▸ REQUIRED ACTION
In the listing below, start your output at the line with "2) has_real_derivative (cos" and end it after the line with "by (simp add: abs_if)", copying every line exactly.

▸ DATA SECTION
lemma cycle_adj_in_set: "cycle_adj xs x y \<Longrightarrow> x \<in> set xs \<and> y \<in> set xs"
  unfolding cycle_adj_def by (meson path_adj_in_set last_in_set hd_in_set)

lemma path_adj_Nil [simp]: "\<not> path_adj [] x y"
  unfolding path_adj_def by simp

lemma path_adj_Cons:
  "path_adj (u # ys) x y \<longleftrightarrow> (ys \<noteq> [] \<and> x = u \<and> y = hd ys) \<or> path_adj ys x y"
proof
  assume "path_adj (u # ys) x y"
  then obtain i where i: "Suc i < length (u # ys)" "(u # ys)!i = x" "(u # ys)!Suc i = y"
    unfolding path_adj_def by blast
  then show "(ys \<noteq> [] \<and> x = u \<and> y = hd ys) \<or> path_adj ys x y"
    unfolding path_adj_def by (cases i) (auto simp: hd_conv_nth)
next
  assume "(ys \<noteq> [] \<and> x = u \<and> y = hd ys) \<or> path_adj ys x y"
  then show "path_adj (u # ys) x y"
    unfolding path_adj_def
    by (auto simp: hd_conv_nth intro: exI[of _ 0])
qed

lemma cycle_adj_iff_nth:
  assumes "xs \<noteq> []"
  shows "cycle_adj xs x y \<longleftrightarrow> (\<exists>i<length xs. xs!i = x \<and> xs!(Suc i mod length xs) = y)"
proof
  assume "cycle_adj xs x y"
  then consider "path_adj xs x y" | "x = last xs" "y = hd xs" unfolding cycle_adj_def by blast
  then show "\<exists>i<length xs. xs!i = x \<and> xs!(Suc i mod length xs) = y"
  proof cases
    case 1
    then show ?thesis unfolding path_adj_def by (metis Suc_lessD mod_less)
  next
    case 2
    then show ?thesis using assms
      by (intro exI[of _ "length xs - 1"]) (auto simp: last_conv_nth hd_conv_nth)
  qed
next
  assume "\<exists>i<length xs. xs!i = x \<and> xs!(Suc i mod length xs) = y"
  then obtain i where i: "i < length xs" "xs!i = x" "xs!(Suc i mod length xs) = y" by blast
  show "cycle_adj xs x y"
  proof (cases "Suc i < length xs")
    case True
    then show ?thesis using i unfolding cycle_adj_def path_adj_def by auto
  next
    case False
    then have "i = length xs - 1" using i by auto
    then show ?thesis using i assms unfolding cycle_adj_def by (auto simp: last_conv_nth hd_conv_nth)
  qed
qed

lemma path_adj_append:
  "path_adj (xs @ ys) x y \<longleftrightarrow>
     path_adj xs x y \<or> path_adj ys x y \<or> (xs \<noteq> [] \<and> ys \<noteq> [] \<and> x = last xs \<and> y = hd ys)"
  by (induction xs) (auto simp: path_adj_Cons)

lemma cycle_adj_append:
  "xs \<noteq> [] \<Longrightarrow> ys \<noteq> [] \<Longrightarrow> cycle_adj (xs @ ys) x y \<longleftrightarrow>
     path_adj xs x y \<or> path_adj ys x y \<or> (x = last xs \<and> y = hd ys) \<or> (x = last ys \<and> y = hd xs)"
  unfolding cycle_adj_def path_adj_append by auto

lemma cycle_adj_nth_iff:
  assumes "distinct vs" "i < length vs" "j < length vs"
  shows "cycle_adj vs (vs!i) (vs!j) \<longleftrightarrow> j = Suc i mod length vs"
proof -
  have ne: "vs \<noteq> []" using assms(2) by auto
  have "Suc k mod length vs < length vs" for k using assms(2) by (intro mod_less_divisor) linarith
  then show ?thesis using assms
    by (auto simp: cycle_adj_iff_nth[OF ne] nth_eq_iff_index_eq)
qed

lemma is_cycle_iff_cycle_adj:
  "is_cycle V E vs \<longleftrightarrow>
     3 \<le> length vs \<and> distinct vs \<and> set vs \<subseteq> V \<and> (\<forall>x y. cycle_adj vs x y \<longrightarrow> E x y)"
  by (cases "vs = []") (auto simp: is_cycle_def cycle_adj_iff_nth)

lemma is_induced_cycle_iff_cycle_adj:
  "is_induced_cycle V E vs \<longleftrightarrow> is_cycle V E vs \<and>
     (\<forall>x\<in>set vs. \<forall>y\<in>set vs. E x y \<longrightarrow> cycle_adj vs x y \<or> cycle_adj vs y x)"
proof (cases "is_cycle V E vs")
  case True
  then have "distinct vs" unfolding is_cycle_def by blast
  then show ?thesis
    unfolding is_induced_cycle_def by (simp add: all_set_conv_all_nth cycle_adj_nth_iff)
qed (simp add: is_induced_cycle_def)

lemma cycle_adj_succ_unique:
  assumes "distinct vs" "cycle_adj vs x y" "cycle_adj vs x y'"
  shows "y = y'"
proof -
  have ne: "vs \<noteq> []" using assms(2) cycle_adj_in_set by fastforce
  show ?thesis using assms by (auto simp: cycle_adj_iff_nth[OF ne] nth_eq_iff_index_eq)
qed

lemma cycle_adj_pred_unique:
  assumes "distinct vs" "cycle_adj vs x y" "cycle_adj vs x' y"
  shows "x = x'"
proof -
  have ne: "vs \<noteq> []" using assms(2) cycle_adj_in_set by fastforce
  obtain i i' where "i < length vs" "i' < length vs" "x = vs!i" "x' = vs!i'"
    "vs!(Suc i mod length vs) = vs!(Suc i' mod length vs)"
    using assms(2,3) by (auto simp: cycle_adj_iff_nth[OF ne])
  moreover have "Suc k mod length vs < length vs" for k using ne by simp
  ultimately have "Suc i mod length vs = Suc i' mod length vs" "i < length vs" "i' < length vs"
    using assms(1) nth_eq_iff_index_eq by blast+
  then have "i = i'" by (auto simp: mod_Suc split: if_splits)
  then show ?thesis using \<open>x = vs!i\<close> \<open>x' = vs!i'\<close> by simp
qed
---
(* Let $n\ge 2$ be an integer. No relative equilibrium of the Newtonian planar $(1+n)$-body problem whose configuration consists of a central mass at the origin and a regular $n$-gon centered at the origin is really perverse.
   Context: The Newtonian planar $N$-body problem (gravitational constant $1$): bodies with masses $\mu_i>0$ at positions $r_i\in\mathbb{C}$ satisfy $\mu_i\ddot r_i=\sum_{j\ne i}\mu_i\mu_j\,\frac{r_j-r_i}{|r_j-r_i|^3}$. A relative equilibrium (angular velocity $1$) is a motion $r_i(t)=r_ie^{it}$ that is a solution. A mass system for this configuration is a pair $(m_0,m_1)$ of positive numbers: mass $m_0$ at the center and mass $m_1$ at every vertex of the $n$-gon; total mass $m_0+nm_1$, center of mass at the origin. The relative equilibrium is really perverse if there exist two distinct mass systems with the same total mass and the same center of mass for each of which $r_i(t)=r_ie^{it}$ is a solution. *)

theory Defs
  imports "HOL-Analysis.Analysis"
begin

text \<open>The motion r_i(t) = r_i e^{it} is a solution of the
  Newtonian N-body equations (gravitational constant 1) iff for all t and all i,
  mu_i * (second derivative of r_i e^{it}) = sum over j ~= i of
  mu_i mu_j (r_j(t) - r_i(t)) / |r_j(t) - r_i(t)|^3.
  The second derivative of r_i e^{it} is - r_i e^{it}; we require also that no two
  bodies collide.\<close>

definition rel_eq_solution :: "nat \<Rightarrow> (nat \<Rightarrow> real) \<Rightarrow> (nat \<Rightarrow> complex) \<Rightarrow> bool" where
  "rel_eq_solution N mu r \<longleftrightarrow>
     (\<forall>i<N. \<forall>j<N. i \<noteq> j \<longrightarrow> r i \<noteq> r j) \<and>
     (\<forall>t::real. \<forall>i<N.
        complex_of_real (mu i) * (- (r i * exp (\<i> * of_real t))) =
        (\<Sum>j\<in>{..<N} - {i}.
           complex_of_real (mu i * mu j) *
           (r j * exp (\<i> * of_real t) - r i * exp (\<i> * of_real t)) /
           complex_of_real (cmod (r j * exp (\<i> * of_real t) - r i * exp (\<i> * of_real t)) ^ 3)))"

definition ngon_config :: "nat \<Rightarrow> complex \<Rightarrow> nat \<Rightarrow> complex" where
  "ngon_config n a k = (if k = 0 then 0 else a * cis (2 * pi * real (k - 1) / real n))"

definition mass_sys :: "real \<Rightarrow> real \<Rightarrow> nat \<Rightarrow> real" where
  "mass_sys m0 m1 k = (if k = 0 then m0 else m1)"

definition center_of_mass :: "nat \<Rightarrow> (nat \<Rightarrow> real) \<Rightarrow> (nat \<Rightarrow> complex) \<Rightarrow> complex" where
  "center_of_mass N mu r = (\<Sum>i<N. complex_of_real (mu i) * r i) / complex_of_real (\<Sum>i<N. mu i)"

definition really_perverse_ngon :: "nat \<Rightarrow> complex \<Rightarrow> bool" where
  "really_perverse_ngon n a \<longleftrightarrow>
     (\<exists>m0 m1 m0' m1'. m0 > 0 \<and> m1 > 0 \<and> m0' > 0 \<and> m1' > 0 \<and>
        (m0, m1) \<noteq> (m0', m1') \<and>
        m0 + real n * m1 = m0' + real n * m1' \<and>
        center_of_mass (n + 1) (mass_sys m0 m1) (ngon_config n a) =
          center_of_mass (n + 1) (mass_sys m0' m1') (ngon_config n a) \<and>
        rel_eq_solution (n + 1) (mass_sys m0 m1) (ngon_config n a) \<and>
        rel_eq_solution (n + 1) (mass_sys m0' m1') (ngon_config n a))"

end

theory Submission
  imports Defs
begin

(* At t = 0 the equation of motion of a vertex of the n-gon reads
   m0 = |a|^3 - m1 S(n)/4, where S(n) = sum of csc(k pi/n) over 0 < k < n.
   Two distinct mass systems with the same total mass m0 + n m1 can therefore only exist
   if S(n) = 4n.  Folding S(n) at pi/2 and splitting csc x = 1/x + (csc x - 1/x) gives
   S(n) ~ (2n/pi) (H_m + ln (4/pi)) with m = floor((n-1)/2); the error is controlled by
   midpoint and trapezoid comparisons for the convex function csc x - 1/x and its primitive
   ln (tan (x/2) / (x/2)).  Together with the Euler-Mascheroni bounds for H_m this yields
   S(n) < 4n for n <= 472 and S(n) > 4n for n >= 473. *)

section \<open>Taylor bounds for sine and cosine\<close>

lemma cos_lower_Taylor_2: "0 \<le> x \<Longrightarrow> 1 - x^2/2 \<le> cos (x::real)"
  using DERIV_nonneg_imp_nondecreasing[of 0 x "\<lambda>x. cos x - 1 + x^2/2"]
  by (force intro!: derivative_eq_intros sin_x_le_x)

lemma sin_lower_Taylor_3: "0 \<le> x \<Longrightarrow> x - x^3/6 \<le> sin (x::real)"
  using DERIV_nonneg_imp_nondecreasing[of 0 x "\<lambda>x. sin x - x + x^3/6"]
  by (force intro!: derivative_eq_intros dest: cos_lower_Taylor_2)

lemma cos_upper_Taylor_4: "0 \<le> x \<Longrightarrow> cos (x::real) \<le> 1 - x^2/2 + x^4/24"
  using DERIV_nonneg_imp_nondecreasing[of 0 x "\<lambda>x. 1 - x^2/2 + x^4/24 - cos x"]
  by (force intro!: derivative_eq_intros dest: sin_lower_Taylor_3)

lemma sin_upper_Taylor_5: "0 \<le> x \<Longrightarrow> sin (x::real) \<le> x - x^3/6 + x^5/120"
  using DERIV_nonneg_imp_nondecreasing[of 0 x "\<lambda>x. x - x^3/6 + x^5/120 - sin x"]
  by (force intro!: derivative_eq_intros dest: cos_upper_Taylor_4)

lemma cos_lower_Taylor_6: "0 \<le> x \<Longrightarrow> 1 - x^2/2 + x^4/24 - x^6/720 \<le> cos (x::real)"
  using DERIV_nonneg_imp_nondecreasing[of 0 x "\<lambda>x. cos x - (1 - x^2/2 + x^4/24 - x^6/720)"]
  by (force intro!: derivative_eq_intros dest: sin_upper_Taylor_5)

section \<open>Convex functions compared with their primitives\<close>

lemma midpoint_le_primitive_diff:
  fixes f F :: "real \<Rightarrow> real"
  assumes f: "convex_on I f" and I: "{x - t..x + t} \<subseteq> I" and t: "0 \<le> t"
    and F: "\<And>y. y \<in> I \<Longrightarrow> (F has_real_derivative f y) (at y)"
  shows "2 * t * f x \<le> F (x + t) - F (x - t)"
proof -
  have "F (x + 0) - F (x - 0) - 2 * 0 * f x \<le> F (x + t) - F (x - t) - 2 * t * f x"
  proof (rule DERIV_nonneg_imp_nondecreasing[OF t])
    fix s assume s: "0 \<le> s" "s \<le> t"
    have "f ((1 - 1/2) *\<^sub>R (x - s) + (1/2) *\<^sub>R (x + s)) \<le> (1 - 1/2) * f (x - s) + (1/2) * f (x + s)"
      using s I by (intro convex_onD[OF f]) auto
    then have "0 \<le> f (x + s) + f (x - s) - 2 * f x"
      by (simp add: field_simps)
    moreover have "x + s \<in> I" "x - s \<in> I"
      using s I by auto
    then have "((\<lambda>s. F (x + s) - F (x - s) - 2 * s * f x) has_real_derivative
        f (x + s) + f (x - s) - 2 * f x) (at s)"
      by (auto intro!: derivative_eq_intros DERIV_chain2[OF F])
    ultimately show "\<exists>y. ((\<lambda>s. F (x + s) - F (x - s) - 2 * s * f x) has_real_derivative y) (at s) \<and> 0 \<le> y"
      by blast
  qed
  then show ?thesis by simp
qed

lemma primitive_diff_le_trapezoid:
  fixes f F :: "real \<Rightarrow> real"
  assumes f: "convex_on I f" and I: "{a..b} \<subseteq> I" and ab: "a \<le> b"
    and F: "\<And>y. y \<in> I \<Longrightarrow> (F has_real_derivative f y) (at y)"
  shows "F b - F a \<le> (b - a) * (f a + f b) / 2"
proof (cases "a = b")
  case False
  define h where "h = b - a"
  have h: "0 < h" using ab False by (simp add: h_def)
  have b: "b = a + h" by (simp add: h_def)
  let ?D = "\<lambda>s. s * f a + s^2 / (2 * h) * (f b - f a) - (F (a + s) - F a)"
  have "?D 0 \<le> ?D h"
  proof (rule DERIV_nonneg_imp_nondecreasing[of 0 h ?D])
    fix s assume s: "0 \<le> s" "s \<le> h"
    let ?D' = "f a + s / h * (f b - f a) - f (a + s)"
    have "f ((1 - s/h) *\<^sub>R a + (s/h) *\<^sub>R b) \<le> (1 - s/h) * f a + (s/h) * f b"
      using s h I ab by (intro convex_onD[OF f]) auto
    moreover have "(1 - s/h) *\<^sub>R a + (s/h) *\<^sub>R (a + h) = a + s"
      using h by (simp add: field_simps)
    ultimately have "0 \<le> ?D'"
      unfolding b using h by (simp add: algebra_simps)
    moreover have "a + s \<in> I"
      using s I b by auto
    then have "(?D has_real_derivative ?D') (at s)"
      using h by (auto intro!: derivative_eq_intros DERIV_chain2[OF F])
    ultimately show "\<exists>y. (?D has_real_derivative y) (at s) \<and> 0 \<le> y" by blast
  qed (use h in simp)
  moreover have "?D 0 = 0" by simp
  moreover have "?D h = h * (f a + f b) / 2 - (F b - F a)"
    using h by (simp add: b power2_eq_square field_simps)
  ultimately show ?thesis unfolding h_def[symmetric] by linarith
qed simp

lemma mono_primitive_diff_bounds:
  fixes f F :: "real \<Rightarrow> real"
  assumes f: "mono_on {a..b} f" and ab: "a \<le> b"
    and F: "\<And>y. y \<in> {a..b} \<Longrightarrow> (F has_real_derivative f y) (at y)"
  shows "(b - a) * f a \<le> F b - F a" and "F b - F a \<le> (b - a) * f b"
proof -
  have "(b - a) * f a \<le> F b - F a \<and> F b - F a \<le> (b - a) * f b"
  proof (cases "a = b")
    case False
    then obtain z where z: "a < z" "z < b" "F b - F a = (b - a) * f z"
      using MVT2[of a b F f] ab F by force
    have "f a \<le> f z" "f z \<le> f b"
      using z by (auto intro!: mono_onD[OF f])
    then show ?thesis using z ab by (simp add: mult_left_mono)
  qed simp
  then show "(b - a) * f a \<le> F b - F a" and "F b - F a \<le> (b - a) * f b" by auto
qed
* * *
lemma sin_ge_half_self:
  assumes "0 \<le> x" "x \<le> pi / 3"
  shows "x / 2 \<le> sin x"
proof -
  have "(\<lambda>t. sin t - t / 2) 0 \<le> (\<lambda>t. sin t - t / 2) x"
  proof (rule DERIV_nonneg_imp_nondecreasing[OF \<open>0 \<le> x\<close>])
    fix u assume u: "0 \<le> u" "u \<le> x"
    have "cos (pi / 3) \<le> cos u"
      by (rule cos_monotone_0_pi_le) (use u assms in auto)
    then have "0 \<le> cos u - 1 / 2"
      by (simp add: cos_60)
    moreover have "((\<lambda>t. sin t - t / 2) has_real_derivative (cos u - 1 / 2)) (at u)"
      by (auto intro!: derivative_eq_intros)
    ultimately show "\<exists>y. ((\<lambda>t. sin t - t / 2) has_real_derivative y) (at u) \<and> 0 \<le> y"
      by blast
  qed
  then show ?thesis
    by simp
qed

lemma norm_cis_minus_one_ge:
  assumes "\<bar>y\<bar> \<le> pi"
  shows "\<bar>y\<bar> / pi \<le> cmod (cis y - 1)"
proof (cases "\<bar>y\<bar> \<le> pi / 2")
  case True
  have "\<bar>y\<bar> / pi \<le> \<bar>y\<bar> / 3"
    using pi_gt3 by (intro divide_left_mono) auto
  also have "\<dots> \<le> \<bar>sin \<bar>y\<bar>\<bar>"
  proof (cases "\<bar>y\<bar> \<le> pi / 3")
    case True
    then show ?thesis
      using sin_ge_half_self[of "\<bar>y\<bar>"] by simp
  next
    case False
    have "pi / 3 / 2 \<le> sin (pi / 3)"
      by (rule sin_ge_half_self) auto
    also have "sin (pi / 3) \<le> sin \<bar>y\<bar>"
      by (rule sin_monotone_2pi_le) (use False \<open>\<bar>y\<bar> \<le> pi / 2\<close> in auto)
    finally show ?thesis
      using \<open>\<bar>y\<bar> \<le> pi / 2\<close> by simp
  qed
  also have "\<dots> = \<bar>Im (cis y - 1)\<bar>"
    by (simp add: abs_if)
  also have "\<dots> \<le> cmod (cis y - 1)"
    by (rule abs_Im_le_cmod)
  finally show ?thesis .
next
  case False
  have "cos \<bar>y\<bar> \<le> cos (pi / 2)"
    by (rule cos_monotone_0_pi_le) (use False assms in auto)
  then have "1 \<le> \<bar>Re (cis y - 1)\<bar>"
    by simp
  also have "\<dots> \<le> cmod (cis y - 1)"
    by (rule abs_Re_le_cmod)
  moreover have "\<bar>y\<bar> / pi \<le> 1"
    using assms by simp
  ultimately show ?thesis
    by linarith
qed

▸ RESULT
    moreover have "((\<lambda>t. sin t - t / 2) has_real_derivative (cos u - 1 / 2)) (at u)"
      by (auto intro!: derivative_eq_intros)
    ultimately show "\<exists>y. ((\<lambda>t. sin t - t / 2) has_real_derivative y) (at u) \<and> 0 \<le> y"
      by blast
  qed
  then show ?thesis
    by simp
qed

lemma norm_cis_minus_one_ge:
  assumes "\<bar>y\<bar> \<le> pi"
  shows "\<bar>y\<bar> / pi \<le> cmod (cis y - 1)"
proof (cases "\<bar>y\<bar> \<le> pi / 2")
  case True
  have "\<bar>y\<bar> / pi \<le> \<bar>y\<bar> / 3"
    using pi_gt3 by (intro divide_left_mono) auto
  also have "\<dots> \<le> \<bar>sin \<bar>y\<bar>\<bar>"
  proof (cases "\<bar>y\<bar> \<le> pi / 3")
    case True
    then show ?thesis
      using sin_ge_half_self[of "\<bar>y\<bar>"] by simp
  next
    case False
    have "pi / 3 / 2 \<le> sin (pi / 3)"
      by (rule sin_ge_half_self) auto
    also have "sin (pi / 3) \<le> sin \<bar>y\<bar>"
      by (rule sin_monotone_2pi_le) (use False \<open>\<bar>y\<bar> \<le> pi / 2\<close> in auto)
    finally show ?thesis
      using \<open>\<bar>y\<bar> \<le> pi / 2\<close> by simp
  qed
  also have "\<dots> = \<bar>Im (cis y - 1)\<bar>"
    by (simp add: abs_if)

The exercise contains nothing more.